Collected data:
Content starts
lemma extension_spec:
  assumes "f \<in> F"
  shows "continuous_map B (top_of_set {0..1}) (extension f)" "\<And>x. x \<in> topspace X \<Longrightarrow> extension f (bt x) = f x"
proof -
  have "\<exists>g. continuous_map B (top_of_set {0..1}) g \<and> (\<forall>x\<in>topspace X. g (bt x) = f x)"
    using Stone_Cech assms by (simp add: Stone_Cech_compactification_def cont_isotone_01_def)
  then have "continuous_map B (top_of_set {0..1}) (extension f) \<and> (\<forall>x\<in>topspace X. extension f (bt x) = f x)"
    unfolding extension_def by (rule someI_ex)
  then show "continuous_map B (top_of_set {0..1}) (extension f)" "\<And>x. x \<in> topspace X \<Longrightarrow> extension f (bt x) = f x"
    by auto
qed

lemma extension_unique:
  assumes "f \<in> F" "continuous_map B (top_of_set {0..1}) g" "\<And>x. x \<in> topspace X \<Longrightarrow> g (bt x) = f x"
    and "a \<in> topspace B"
  shows "g a = extension f a"
proof (rule forall_in_closure_of_eq[OF _ _ assms(2) extension_spec(1)[OF assms(1)]])
  show "a \<in> B closure_of (bt ` topspace X)"
    using assms(4) closure_of_bt by simp
  show "Hausdorff_space (top_of_set {0..1::real})"
    by (simp add: Hausdorff_space_subtopology)
qed (use assms(3) extension_spec(2)[OF assms(1)] in auto)

lemma beta_le_iff:
  "beta_le X le bt B a b \<longleftrightarrow> a \<in> topspace B \<and> b \<in> topspace B \<and> (\<forall>f\<in>F. extension f a \<le> extension f b)"
proof -
  have "(\<forall>g. continuous_map B (top_of_set {0..1}) g \<and> (\<forall>x\<in>topspace X. g (bt x) = f x) \<longrightarrow> g a \<le> g b)
      \<longleftrightarrow> extension f a \<le> extension f b"
    if "f \<in> F" "a \<in> topspace B" "b \<in> topspace B" for f
    using extension_spec[OF that(1)] extension_unique[OF that(1)] that(2,3) by metis
  then show ?thesis
    unfolding beta_le_def by blast
qed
Content ends
## Brief
Only those lines running from the one containing "qed (use assms(3)" through the last line of the data above are to be copied, exactly, with both ends included.

## Response area
qed (use assms(3) extension_spec(2)[OF assms(1)] in auto)

lemma beta_le_iff:
  "beta_le X le bt B a b \<longleftrightarrow> a \<in> topspace B \<and> b \<in> topspace B \<and> (\<forall>f\<in>F. extension f a \<le> extension f b)"
proof -
  have "(\<forall>g. continuous_map B (top_of_set {0..1}) g \<and> (\<forall>x\<in>topspace X. g (bt x) = f x) \<longrightarrow> g a \<le> g b)
      \<longleftrightarrow> extension f a \<le> extension f b"
    if "f \<in> F" "a \<in> topspace B" "b \<in> topspace B" for f
    using extension_spec[OF that(1)] extension_unique[OF that(1)] that(2,3) by metis
  then show ?thesis
    unfolding beta_le_def by blast
qed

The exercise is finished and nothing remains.